Isn't the new trend to train in lower precision anyway?

neilmovva · 2025-08-23T21:19:42 1755983982

Today, training in "low precision" probably means computing FP8 x FP8 -> FP32. The FP32 accumulation is still important, but otherwise yes this works, especially if we're talking about MXFP8 as supported on Blackwell [0].

What's less proven is a recipe using MXFP4 x MXFP4 -> FP32 compute, e.g. [1], which needs more involved techniques to work. But if you get it to work stably, that pathway is running at full throughput on 5090.

[0]: https://arxiv.org/abs/2506.08027 [1]: https://arxiv.org/abs/2502.20586

laidoffamazon · 2025-08-23T22:11:51 1755987111

Interesting. My assumption was one of the innovations of DeepSeek and the modern GPT models was performing low precision pretraining rather than just finetuning further.
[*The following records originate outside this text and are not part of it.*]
(* Let $d,M$ be positive integers with $M\ge 2$ and let $\mathcal{V}_J=\{v_j(\mathbf{z},\mathbf{y}_M,\dots,\mathbf{y}_1):j\in J\}$ be a family of real-valued functions on $(\mathbb{R}^d)^{M+1}$ satisfying (b1), (b4), (b5) and (b6). Then for any $r$ with $2\le r\le M$, there exists a set $\mathcal{Y}\subset(\mathbb{R}^d)^M$ of full measure such that for every set $\mathcal{Y}'\subset\mathcal{Y}$ of positive measure and every set $\mathcal{Z}_r\subset(\mathbb{R}^d)^r$ of positive measure, the product family $\otimes^r\mathcal{V}_J=\{v_{j_r}(\mathbf{z}_r,\dots,\mathbf{z}_1,\mathbf{y}_M,\dots,\mathbf{y}_r)\cdots v_{j_1}(\mathbf{z}_1,\mathbf{y}_M,\dots,\mathbf{y}_1):(j_r,\dots,j_1)\in J^r\}$ is linearly independent under finite mixtures on $(\mathbf{z}_r,\dots,\mathbf{z}_1,\mathbf{y}_M,\dots,\mathbf{y}_1)\in\mathcal{Z}_r\times\mathcal{Y}'$.
   Context: Measures are Lebesgue; a set has full measure if its complement has measure zero. A family $\{g_\alpha\}$ is linearly independent under finite mixtures on a set $D$ if every finite subfamily is linearly independent as functions on $D$ (no nontrivial finite linear combination vanishes at every point of $D$); a family "contains linearly dependent functions" on $D$ if this fails. In the product, each factor $v_{j_\ell}(\mathbf{z}_\ell,\mathbf{z}_{\ell-1},\dots,\mathbf{z}_1,\mathbf{y}_M,\dots,\mathbf{y}_\ell)$ denotes $v_{j_\ell}$ evaluated with first argument $\mathbf{z}_\ell$ and its remaining $M$ arguments (in order) $\mathbf{z}_{\ell-1},\dots,\mathbf{z}_1,\mathbf{y}_M,\dots,\mathbf{y}_\ell$. Assumptions on $\mathcal{V}_J$: (b1) $v_j(\mathbf{z},\mathbf{y}_M,\dots,\mathbf{y}_1)>0$ for all $j\in J$ and all arguments. (b4) There exists a full-measure set $\mathcal{Y}\subset(\mathbb{R}^d)^M$ such that for all positive-measure sets $\mathcal{Y}'\subset\mathcal{Y}$ and $\mathcal{Z}\subset\mathbb{R}^d$, $\mathcal{V}_J$ is linearly independent under finite mixtures on $(\mathbf{z},\mathbf{y}_M,\dots,\mathbf{y}_1)\in\mathcal{Z}\times\mathcal{Y}'$. (b5) For any $1\le\ell\le M$, any $(\boldsymbol{\beta}_\ell,\dots,\boldsymbol{\beta}_1)\in(\mathbb{R}^d)^\ell$, any positive-measure sets $\mathcal{Z}\subset\mathbb{R}^d$, $\mathcal{Y}\subset(\mathbb{R}^d)^{M-\ell}$, and any finite $J_0\subset J$: the functions $\{v_j(\mathbf{z},\mathbf{y}_M,\dots,\mathbf{y}_{\ell+1},\boldsymbol{\beta}_\ell,\dots,\boldsymbol{\beta}_1):j\in J_0\}$ are linearly dependent on $(\mathbf{z},\mathbf{y}_M,\dots,\mathbf{y}_{\ell+1})\in\mathcal{Z}\times\mathcal{Y}$ only if there exist $j\ne j'\in J_0$ with $v_j(\cdot,\dots,\cdot,\boldsymbol{\beta}_\ell,\dots,\boldsymbol{\beta}_1)=v_{j'}(\cdot,\dots,\cdot,\boldsymbol{\beta}_\ell,\dots,\boldsymbol{\beta}_1)$ on all of $(\mathbb{R}^d)^{M-\ell+1}$. (b6) For every $j\in J$, $v_j(\mathbf{z},\mathbf{y}_M,\dots,\mathbf{y}_1)$ is continuous in $(\mathbf{y}_M,\dots,\mathbf{y}_1)\in(\mathbb{R}^d)^M$. *)

theory Defs
  imports "HOL-Analysis.Analysis"
begin

text \<open>Points of (R^d)^k are represented as tuples indexed by a finite index set I of
naturals, i.e. elements of PiE I (\<lambda>_. UNIV).\<close>

definition tuple_lebesgue :: "nat set \<Rightarrow> (nat \<Rightarrow> 'a::euclidean_space) measure" where
  "tuple_lebesgue I = completion (PiM I (\<lambda>_. lborel))"

definition full_measure :: "'a measure \<Rightarrow> 'a set \<Rightarrow> bool" where
  "full_measure N Y \<longleftrightarrow> Y \<in> sets N \<and> emeasure N (space N - Y) = 0"

definition pos_measure :: "'a measure \<Rightarrow> 'a set \<Rightarrow> bool" where
  "pos_measure N S \<longleftrightarrow> S \<in> sets N \<and> emeasure N S > 0"

definition lin_indep_fm :: "'i set \<Rightarrow> ('i \<Rightarrow> 'x \<Rightarrow> real) \<Rightarrow> 'x set \<Rightarrow> bool" where
  "lin_indep_fm A g D \<longleftrightarrow>
     (\<forall>F c. finite F \<and> F \<subseteq> A \<and> (\<forall>x\<in>D. (\<Sum>a\<in>F. c a * g a x) = 0) \<longrightarrow> (\<forall>a\<in>F. c a = 0))"

text \<open>Remaining M arguments of the l-th factor: slot i (i = 1..M; slot M is listed first)
receives, listed from slot M down to 1: z_{l-1},...,z_1, y_M,...,y_l.\<close>
definition factor_args :: "nat \<Rightarrow> nat \<Rightarrow> (nat \<Rightarrow> 'a) \<Rightarrow> (nat \<Rightarrow> 'a) \<Rightarrow> (nat \<Rightarrow> 'a)" where
  "factor_args M l zs y =
     (\<lambda>i\<in>{1..M}. if i \<le> M + 1 - l then y (i + l - 1) else zs (i - (M + 1 - l)))"

text \<open>Tuple (y_M,...,y_{l+1},beta_l,...,beta_1) as an element of PiE {1..M}.\<close>
definition merge_tuple :: "nat \<Rightarrow> nat \<Rightarrow> (nat \<Rightarrow> 'a) \<Rightarrow> (nat \<Rightarrow> 'a) \<Rightarrow> (nat \<Rightarrow> 'a)" where
  "merge_tuple M l y \<beta> = (\<lambda>i\<in>{1..M}. if i \<le> l then \<beta> i else y i)"

definition prod_family ::
  "nat \<Rightarrow> nat \<Rightarrow> ('j \<Rightarrow> 'a \<Rightarrow> (nat \<Rightarrow> 'a) \<Rightarrow> real) \<Rightarrow> (nat \<Rightarrow> 'j) \<Rightarrow> (nat \<Rightarrow> 'a) \<times> (nat \<Rightarrow> 'a) \<Rightarrow> real" where
  "prod_family M r v js zy = (\<Prod>l\<in>{1..r}. v (js l) (fst zy l) (factor_args M l (fst zy) (snd zy)))"

end

theory Submission
  imports Defs
begin

text \<open>
  Encode a point \<open>(z\<^sub>r, \<dots>, z\<^sub>1, y\<^sub>M, \<dots>, y\<^sub>1)\<close> as one tuple \<open>x\<close> on \<open>{1..M+r}\<close> with
  \<open>x\<^sub>i = y\<^sub>i\<close> and \<open>x\<^sub>M\<^sub>+\<^sub>l = z\<^sub>l\<close>. The remaining arguments of the \<open>l\<close>-th factor then form the
  window \<open>x\<^sub>l, \<dots>, x\<^sub>l\<^sub>+\<^sub>M\<^sub>-\<^sub>1\<close>, so the last variable \<open>z\<^sub>k\<close> of a product of \<open>k\<close> factors occurs
  only in the \<open>k\<close>-th factor, as its first argument. If a finite mixture vanishes on a set of
  positive measure, then by Fubini almost every point has a section of positive measure in \<open>z\<^sub>k\<close>;
  on that section the mixture is a combination of the functions \<open>v\<^sub>j(\<cdot>, w)\<close>, \<open>w\<close> the window of
  the \<open>k\<close>-th factor, whose coefficients are the partial sums over the fibres of the last index.
  These vanish as soon as the single family is independent at \<open>w\<close>, and induction on \<open>k\<close> kills
  all coefficients.

  By (b5) with \<open>l = M\<close>, the single family is independent at \<open>\<beta>\<close> unless two of its members
  coincide in \<open>z\<close> at \<open>\<beta>\<close>. By (b6) such coincidence sets are closed, and by (b4) they are null,
  so for the finitely many indices involved they can be removed from the set of positive measure.
\<close>

section \<open>Linear independence under finite mixtures\<close>

lemma lin_indep_fmI:
  assumes "\<And>F c a. finite F \<Longrightarrow> F \<subseteq> A \<Longrightarrow> (\<And>x. x \<in> D \<Longrightarrow> (\<Sum>a\<in>F. c a * g a x) = 0) \<Longrightarrow>
             a \<in> F \<Longrightarrow> c a = 0"
  shows "lin_indep_fm A g D"
  using assms unfolding lin_indep_fm_def by blast

lemma lin_indep_fmD:
  assumes "lin_indep_fm A g D" "finite F" "F \<subseteq> A"
    and "\<And>x. x \<in> D \<Longrightarrow> (\<Sum>a\<in>F. c a * g a x) = 0" "a \<in> F"
  shows "c a = 0"
  using assms unfolding lin_indep_fm_def by blast

lemma lin_indep_fm_distinct:
  assumes indep: "lin_indep_fm A g D" and "a \<in> A" "b \<in> A" "a \<noteq> b"
  shows "\<exists>x\<in>D. g a x \<noteq> g b x"
proof (rule ccontr)
  assume "\<not> (\<exists>x\<in>D. g a x \<noteq> g b x)"
  then have "(\<Sum>i\<in>{a, b}. (if i = a then 1 else -1) * g i x) = 0" if "x \<in> D" for x
    using that \<open>a \<noteq> b\<close> by auto
  from lin_indep_fmD[OF indep _ _ this, of a] \<open>a \<in> A\<close> \<open>b \<in> A\<close> show False
    by simp
qed

lemma lin_indep_fm_vimage:
  assumes "lin_indep_fm A (\<lambda>a x. g a (\<phi> x)) S" and "\<phi> ` S \<subseteq> D"
  shows "lin_indep_fm A g D"
  using assms by (intro lin_indep_fmI) (auto elim!: lin_indep_fmD)

lemma lin_indep_fm_PiE_finite:
  assumes indep: "\<And>J0. finite J0 \<Longrightarrow> J0 \<subseteq> J \<Longrightarrow> lin_indep_fm (PiE I (\<lambda>_. J0)) g D"
    and I: "finite I"
  shows "lin_indep_fm (PiE I (\<lambda>_. J)) g D"
proof (rule lin_indep_fmI)
  fix F c a
  assume F: "finite F" "F \<subseteq> PiE I (\<lambda>_. J)"
    and sum0: "\<And>x. x \<in> D \<Longrightarrow> (\<Sum>a\<in>F. c a * g a x) = 0" and a: "a \<in> F"
  define J0 where "J0 = (\<Union>js\<in>F. js ` I)"
  have "finite J0" "J0 \<subseteq> J"
    using F I by (auto simp: J0_def PiE_iff)
  moreover have "F \<subseteq> PiE I (\<lambda>_. J0)"
    using F(2) by (auto simp: J0_def PiE_iff)
  ultimately show "c a = 0"
    using lin_indep_fmD[OF indep F(1) _ sum0 a] by blast
qed
(* Let $A\ge6$ be an integer, let $R'_A$ be the quasi-regular hexagon of largest area among those with area at most $A$, and let $k=A-\|R'_A\|$. Then the minimum of the edge-perimeter $p(P)$ over all polyiamonds $P$ with $\|P\|=A$ equals $$p(R'_A)+\mathbb 1_{\{k>0\}}+\mathbb 1_{\{k>0,\ k\text{ even}\}},$$ and this minimum is attained by the (standard) polyiamond obtained by attaching to $R'_A$ an incomplete bar of $k$ faces along the side where the next quasi-regular hexagon in the area ordering is obtained.
   Context: Faces are the closed triangular faces of the triangular lattice $\mathbb T^2$ in $\mathbb R^2$. A polyiamond $P$ is a finite nonempty union of faces that is connected through shared edges (two faces sharing only a vertex are not adjacent); faces not in $P$ are empty faces. Its area $\|P\|$ is the number of its faces; its edge-perimeter $p(P)$ is the number of edges of $\mathbb T^2$ separating a face of $P$ from an empty face; its site-perimeter $s(P)$ is the number of empty faces sharing at least one edge with a face of $P$. For integers $d\ge1$, $a,b,c\ge0$ with $a+b,b+c,c+a\le d$, $T^d_{a,b,c}$ is the polyiamond obtained from an equilateral triangle of side length $d$ with sides on lattice lines (the union of its $d^2$ faces) by removing the equilateral sub-triangles of side lengths $a,b,c$ at its three corners; its boundary is a (possibly degenerate) hexagon with side lengths, in cyclic order, $a,\ d-a-b,\ b,\ d-b-c,\ c,\ d-c-a$, its area is $d^2-a^2-b^2-c^2$ and its edge- and site-perimeter equal $3d-a-b-c$. Quasi-regular hexagons: for $r\ge1$ let $E(r)=T^{3r}_{r,r,r}$ (regular hexagon of side $r$), $E_{B_1}(r)=T^{3r}_{r-1,r,r}$, $E_{B_2}(r)=T^{3r+1}_{r,r,r+1}$, $E_{B_3}(r)=T^{3r+1}_{r,r,r}$, $E_{B_4}(r)=T^{3r+2}_{r,r+1,r+1}$, $E_{B_5}(r)=T^{3r+2}_{r,r,r+1}$ (equivalently, $E_{B_i}(r)$ arises from $E(r)$ by successively attaching $i$ complete rows, called bars, of $2r-1$, $2r+1,\dots$ faces along sides, and attaching a further bar of $2r+3$ faces to $E_{B_5}(r)$ gives $E(r+1)$). Their areas are $6r^2,\ 6r^2+2r-1,\ 6r^2+4r,\ 6r^2+6r+1,\ 6r^2+8r+2,\ 6r^2+10r+3$, and their edge-perimeters are $6r,6r+1,\dots,6r+5$. A quasi-regular hexagon is any image of one of these under a symmetry (translation, rotation, reflection) of $\mathbb T^2$; $\mathcal Q$ denotes the set of all quasi-regular hexagons. Ordered by area, the quasi-regular hexagons $E(1),E_{B_1}(1),\dots,E_{B_5}(1),E(2),\dots$ have strictly increasing areas and edge-perimeters $6,7,8,\dots$. An incomplete bar is an edge-connected proper subset of the bar attached to pass from one quasi-regular hexagon to the next. *)

theory Defs
  imports Main
begin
I didn't realize you still need accumulation at a higher precision anyway

storus · 2025-08-23T20:52:28 1755982348

Only GPU-poors run Q-GaLore and similar tricks.

Twirrim · 2025-08-24T00:00:09 1755993609

Even the large cloud AI services are focusing on this too, because it drives down the average "cost per query", or whatever you want to call it. For inference, arguably more even than training, the smaller and more efficient they can get it, the better their bottom line.

storus · 2025-08-24T09:17:39 1756027059

For inference of course; the OP I replied to mentioned training though.